◆ Problem to solve
Every line that contains the word "shows" should be copied from the records below.

◆ Saved entries
=== Section Start ===
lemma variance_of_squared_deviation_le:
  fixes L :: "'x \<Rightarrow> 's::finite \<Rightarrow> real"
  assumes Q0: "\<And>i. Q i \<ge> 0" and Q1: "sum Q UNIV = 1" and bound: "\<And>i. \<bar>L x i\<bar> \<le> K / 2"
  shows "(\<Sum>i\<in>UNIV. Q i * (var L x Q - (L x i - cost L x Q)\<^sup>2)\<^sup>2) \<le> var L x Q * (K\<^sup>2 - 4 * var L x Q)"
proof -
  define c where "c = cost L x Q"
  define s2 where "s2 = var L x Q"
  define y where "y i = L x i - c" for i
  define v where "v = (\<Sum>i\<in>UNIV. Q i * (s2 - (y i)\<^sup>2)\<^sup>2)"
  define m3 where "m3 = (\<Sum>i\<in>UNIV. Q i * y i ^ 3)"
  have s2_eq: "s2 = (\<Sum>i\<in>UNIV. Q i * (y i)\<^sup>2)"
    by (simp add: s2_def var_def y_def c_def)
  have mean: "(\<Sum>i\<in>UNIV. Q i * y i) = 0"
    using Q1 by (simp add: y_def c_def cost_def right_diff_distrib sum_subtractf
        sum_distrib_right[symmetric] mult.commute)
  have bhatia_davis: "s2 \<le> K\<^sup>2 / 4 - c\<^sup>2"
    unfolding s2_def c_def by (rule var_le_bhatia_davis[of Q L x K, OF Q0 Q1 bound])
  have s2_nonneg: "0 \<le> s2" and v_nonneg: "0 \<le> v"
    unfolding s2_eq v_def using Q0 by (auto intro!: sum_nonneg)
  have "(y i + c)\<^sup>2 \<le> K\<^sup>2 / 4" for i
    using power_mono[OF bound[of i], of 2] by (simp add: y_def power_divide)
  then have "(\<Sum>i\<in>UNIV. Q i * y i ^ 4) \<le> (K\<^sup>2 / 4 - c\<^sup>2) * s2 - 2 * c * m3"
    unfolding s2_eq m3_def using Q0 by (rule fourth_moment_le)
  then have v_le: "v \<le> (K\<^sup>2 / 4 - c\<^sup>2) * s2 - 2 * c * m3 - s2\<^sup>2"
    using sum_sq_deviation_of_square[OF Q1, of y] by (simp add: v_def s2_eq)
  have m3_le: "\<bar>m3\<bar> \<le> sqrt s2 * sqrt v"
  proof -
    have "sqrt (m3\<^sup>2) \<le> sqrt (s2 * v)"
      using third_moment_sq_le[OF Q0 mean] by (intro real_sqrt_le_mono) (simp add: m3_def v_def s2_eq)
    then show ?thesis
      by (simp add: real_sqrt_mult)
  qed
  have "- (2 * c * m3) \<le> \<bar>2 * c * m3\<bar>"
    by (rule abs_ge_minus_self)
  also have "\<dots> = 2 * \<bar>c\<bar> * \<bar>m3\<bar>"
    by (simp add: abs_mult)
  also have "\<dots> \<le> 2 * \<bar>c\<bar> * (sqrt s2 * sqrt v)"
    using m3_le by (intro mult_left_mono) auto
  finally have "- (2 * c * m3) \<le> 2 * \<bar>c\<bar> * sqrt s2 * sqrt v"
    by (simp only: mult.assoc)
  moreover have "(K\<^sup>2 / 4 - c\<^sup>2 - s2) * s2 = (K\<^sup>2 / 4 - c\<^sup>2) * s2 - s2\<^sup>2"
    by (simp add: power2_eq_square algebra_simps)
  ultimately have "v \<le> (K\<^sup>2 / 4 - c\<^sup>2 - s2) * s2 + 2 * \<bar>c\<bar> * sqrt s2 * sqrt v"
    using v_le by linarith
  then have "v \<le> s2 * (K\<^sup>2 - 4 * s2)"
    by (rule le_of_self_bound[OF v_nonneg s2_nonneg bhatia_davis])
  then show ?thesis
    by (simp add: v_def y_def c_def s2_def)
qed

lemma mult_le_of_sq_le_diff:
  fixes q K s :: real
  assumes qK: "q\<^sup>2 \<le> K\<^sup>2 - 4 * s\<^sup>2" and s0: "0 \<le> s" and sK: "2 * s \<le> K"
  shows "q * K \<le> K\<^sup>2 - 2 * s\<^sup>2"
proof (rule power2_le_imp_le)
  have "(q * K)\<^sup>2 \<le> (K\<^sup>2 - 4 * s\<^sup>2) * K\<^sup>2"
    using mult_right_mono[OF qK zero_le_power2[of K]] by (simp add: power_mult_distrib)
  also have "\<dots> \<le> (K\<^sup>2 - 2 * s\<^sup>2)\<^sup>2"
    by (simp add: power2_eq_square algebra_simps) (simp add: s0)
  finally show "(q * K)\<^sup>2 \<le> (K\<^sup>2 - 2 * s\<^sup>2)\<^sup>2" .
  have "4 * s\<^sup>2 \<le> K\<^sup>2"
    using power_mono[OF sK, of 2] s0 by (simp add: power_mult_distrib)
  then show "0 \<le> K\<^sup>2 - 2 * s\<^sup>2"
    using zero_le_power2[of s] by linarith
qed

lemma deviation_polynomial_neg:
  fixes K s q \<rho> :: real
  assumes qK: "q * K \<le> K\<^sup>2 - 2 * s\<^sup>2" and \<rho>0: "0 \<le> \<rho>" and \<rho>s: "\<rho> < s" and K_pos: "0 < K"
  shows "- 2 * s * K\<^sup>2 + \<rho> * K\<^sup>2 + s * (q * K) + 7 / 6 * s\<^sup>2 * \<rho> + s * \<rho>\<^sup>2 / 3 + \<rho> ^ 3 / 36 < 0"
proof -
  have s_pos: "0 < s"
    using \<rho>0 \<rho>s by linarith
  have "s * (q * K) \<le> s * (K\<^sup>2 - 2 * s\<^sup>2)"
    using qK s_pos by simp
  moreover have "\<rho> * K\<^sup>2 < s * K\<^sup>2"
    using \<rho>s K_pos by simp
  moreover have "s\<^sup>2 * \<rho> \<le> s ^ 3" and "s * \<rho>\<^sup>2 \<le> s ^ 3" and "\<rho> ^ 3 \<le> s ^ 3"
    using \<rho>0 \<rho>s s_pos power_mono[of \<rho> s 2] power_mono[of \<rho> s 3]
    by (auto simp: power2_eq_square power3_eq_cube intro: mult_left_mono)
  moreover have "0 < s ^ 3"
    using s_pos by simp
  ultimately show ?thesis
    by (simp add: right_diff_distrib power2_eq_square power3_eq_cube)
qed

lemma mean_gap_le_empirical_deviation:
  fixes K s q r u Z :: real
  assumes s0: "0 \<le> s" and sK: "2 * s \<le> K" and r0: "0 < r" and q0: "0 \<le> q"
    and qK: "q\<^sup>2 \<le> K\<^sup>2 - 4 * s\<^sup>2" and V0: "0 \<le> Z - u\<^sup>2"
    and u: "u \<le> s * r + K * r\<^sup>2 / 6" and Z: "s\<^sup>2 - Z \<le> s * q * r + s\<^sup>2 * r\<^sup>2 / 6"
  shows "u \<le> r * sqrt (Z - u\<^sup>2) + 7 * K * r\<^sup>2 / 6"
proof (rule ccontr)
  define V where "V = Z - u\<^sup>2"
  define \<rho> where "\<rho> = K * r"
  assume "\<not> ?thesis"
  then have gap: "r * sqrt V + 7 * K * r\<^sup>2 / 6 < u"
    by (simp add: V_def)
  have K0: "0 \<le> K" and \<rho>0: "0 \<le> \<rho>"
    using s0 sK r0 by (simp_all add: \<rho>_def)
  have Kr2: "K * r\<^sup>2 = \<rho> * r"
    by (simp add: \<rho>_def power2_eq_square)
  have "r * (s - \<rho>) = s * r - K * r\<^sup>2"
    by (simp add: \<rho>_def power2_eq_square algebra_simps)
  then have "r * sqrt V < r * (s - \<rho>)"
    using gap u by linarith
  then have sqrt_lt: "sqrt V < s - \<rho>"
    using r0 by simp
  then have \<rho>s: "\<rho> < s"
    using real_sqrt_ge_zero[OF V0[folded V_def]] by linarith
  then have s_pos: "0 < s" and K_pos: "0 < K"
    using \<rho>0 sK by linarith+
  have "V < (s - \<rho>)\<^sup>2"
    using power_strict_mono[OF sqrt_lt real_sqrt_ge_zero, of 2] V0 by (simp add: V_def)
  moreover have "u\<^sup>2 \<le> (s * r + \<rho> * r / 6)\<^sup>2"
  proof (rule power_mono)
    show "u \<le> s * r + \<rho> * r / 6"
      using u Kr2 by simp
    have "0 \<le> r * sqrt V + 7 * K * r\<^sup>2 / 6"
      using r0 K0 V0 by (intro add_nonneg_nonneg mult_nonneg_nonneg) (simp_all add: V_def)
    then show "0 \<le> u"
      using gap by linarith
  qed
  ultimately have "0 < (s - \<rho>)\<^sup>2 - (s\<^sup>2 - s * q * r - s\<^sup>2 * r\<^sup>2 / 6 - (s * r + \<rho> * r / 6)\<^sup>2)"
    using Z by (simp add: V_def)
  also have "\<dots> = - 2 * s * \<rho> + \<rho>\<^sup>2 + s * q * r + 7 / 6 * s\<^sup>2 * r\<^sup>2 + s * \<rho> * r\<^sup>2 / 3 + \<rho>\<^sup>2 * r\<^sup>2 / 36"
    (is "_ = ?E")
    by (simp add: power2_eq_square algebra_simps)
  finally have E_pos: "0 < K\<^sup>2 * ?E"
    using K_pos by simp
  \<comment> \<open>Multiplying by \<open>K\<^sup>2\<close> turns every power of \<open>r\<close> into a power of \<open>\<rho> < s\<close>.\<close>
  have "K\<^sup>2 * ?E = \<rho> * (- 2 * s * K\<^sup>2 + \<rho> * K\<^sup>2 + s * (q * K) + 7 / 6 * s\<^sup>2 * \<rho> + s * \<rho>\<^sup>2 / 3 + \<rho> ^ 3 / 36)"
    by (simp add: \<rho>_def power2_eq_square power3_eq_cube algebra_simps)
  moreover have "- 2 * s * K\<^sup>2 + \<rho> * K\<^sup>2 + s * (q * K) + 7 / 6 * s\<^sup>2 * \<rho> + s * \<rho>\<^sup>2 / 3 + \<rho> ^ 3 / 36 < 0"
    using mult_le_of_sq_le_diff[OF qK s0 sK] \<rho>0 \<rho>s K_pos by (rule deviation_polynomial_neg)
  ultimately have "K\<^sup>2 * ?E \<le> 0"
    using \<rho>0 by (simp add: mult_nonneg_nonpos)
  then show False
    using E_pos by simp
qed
=== Section End ===
◆ Output
  shows "(\<Sum>i\<in>UNIV. Q i * (var L x Q - (L x i - cost L x Q)\<^sup>2)\<^sup>2) \<le> var L x Q * (K\<^sup>2 - 4 * var L x Q)"
  shows "q * K \<le> K\<^sup>2 - 2 * s\<^sup>2"
  shows "- 2 * s * K\<^sup>2 + \<rho> * K\<^sup>2 + s * (q * K) + 7 / 6 * s\<^sup>2 * \<rho> + s * \<rho>\<^sup>2 / 3 + \<rho> ^ 3 / 36 < 0"
  shows "u \<le> r * sqrt (Z - u\<^sup>2) + 7 * K * r\<^sup>2 / 6"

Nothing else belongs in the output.